### What needs to be done
Given the listing below, the answer must be only the number of lines containing the string "auto".

### Exercise materials
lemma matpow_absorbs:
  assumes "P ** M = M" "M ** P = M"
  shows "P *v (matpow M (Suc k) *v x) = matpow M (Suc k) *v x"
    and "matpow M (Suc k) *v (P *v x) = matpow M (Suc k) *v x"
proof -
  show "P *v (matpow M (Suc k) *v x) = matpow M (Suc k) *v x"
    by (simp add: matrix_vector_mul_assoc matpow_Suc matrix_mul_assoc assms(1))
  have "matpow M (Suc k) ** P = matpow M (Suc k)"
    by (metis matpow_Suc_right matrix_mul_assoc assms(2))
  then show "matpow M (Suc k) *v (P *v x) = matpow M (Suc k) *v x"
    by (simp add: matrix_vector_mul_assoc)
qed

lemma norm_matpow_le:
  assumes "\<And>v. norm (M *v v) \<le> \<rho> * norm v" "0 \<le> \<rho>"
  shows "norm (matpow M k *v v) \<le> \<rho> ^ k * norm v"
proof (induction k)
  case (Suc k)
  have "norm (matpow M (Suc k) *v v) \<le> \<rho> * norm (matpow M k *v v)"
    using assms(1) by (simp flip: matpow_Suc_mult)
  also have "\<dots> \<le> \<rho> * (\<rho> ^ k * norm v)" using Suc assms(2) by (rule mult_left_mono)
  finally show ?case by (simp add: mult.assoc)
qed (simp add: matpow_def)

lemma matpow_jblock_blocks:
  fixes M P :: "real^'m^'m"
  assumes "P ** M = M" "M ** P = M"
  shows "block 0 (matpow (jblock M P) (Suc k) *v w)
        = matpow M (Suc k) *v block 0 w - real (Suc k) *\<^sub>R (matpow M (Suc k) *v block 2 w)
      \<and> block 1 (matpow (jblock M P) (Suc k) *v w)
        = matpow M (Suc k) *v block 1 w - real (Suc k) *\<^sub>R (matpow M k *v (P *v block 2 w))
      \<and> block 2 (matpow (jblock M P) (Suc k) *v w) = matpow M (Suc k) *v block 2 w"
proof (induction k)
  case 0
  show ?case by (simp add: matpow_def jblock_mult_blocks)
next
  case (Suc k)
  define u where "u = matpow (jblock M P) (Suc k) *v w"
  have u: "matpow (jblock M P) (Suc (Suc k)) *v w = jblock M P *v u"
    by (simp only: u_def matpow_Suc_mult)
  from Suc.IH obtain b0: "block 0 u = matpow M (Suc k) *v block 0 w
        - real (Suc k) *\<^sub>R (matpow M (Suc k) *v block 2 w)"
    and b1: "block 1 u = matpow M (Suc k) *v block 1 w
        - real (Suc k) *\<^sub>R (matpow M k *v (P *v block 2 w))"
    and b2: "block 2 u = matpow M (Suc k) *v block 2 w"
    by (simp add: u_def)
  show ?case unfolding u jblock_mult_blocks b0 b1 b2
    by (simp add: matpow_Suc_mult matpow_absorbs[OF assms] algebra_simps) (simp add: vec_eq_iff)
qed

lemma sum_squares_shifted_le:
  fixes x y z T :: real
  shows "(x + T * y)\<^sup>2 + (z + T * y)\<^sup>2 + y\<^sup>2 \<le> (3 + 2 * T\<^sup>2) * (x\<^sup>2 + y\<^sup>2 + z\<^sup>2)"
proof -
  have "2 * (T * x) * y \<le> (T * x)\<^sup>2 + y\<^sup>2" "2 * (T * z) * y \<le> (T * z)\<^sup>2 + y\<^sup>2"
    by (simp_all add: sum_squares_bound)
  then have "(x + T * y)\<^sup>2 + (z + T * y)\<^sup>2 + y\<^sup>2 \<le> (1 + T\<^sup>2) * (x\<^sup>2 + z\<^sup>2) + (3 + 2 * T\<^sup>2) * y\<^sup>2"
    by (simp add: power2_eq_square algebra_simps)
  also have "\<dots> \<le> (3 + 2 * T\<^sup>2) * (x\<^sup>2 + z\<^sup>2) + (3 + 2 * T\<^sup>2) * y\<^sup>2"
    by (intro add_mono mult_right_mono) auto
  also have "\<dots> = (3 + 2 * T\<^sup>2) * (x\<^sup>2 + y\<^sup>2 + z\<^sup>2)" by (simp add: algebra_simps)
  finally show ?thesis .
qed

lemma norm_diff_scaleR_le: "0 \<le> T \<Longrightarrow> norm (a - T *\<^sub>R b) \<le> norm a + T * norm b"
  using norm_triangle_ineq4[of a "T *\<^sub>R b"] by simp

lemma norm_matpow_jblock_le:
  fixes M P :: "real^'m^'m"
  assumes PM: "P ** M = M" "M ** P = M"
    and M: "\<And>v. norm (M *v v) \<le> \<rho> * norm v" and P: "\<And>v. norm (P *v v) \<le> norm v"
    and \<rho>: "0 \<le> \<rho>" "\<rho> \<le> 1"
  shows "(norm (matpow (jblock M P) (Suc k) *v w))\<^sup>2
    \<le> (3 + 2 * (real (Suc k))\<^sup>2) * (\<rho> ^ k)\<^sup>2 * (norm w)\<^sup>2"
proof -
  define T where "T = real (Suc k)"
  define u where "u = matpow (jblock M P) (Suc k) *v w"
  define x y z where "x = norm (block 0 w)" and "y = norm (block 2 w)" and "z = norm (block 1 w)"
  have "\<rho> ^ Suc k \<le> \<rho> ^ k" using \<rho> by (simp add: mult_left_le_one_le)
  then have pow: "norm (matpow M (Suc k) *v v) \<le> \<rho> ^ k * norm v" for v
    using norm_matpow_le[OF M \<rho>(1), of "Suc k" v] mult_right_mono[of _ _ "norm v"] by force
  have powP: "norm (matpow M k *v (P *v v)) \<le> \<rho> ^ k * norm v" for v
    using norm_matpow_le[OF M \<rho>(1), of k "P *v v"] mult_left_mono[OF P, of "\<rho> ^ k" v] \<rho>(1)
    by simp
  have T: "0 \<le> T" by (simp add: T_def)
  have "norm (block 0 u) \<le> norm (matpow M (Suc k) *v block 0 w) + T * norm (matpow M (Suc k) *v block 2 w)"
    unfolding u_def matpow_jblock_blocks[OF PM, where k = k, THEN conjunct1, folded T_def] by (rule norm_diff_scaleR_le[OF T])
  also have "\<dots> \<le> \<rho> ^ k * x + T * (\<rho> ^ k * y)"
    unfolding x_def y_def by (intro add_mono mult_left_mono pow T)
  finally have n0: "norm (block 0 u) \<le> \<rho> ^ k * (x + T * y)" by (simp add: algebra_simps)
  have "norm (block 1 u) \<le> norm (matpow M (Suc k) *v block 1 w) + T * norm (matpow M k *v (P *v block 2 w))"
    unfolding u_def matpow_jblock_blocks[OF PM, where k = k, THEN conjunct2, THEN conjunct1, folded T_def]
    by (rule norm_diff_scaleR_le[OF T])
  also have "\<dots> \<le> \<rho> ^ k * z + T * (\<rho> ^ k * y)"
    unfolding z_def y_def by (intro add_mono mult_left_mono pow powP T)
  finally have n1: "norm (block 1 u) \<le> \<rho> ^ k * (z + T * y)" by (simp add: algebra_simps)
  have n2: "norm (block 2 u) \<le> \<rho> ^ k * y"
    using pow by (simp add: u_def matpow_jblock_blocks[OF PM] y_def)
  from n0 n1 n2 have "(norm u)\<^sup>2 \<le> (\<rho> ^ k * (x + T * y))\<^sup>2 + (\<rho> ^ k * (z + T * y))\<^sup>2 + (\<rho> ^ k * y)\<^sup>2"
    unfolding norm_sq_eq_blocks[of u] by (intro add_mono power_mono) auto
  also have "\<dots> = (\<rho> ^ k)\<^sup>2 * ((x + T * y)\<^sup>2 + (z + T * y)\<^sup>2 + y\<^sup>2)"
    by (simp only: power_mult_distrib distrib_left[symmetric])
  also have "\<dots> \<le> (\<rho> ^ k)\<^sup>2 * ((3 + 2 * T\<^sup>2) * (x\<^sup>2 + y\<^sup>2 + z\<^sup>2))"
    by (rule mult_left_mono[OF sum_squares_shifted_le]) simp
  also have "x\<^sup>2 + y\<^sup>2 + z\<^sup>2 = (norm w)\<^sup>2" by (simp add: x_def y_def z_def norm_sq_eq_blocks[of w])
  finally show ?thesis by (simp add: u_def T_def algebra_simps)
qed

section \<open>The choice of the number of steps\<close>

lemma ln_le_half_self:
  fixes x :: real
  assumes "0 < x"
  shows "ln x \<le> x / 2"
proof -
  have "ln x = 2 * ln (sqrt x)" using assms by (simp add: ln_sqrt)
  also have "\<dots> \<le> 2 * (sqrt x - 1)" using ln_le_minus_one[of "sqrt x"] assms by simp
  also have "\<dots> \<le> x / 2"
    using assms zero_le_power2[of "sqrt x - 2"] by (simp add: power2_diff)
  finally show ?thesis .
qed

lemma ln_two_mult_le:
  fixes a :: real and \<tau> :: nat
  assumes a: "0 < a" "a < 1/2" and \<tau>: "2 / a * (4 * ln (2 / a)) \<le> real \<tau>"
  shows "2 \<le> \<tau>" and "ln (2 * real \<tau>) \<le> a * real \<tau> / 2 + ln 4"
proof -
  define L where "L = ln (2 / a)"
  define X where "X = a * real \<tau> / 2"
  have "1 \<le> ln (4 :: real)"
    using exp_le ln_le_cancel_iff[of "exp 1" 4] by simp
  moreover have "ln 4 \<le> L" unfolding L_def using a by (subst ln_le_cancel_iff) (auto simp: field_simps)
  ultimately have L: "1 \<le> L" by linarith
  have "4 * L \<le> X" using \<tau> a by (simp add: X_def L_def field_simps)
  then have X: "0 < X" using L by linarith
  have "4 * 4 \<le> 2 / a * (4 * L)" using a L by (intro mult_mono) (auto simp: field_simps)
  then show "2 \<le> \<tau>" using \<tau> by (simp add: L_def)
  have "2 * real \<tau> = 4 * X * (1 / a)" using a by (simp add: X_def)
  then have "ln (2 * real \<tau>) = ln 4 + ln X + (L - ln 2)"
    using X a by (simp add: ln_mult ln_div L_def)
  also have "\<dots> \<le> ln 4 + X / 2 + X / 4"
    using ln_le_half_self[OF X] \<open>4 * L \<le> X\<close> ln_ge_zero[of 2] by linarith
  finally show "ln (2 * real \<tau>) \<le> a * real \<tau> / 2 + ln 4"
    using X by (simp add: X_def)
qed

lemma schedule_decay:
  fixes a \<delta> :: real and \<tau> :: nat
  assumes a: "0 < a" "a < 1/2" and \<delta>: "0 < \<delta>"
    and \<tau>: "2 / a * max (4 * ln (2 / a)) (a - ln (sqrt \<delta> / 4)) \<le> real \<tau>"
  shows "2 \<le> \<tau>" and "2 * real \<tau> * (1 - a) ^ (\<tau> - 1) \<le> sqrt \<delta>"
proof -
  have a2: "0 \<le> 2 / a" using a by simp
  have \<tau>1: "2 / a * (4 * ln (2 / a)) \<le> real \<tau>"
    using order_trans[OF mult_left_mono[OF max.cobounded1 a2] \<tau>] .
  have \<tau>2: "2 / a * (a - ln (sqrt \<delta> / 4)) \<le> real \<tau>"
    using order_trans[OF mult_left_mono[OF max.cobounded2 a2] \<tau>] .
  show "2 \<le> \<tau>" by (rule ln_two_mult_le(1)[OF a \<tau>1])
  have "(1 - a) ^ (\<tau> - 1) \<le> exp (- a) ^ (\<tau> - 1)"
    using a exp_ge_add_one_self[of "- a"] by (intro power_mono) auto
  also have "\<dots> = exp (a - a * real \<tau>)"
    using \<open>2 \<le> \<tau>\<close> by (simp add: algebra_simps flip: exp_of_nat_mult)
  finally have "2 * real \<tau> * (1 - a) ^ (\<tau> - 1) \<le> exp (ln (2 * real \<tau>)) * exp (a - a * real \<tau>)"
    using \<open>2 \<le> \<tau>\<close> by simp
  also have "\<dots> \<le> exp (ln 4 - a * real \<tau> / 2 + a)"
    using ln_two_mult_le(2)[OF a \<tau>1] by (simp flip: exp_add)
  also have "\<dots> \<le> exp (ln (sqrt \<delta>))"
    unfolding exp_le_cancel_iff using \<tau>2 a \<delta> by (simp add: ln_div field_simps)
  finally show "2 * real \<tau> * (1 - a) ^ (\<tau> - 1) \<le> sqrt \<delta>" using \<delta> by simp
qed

### Result
5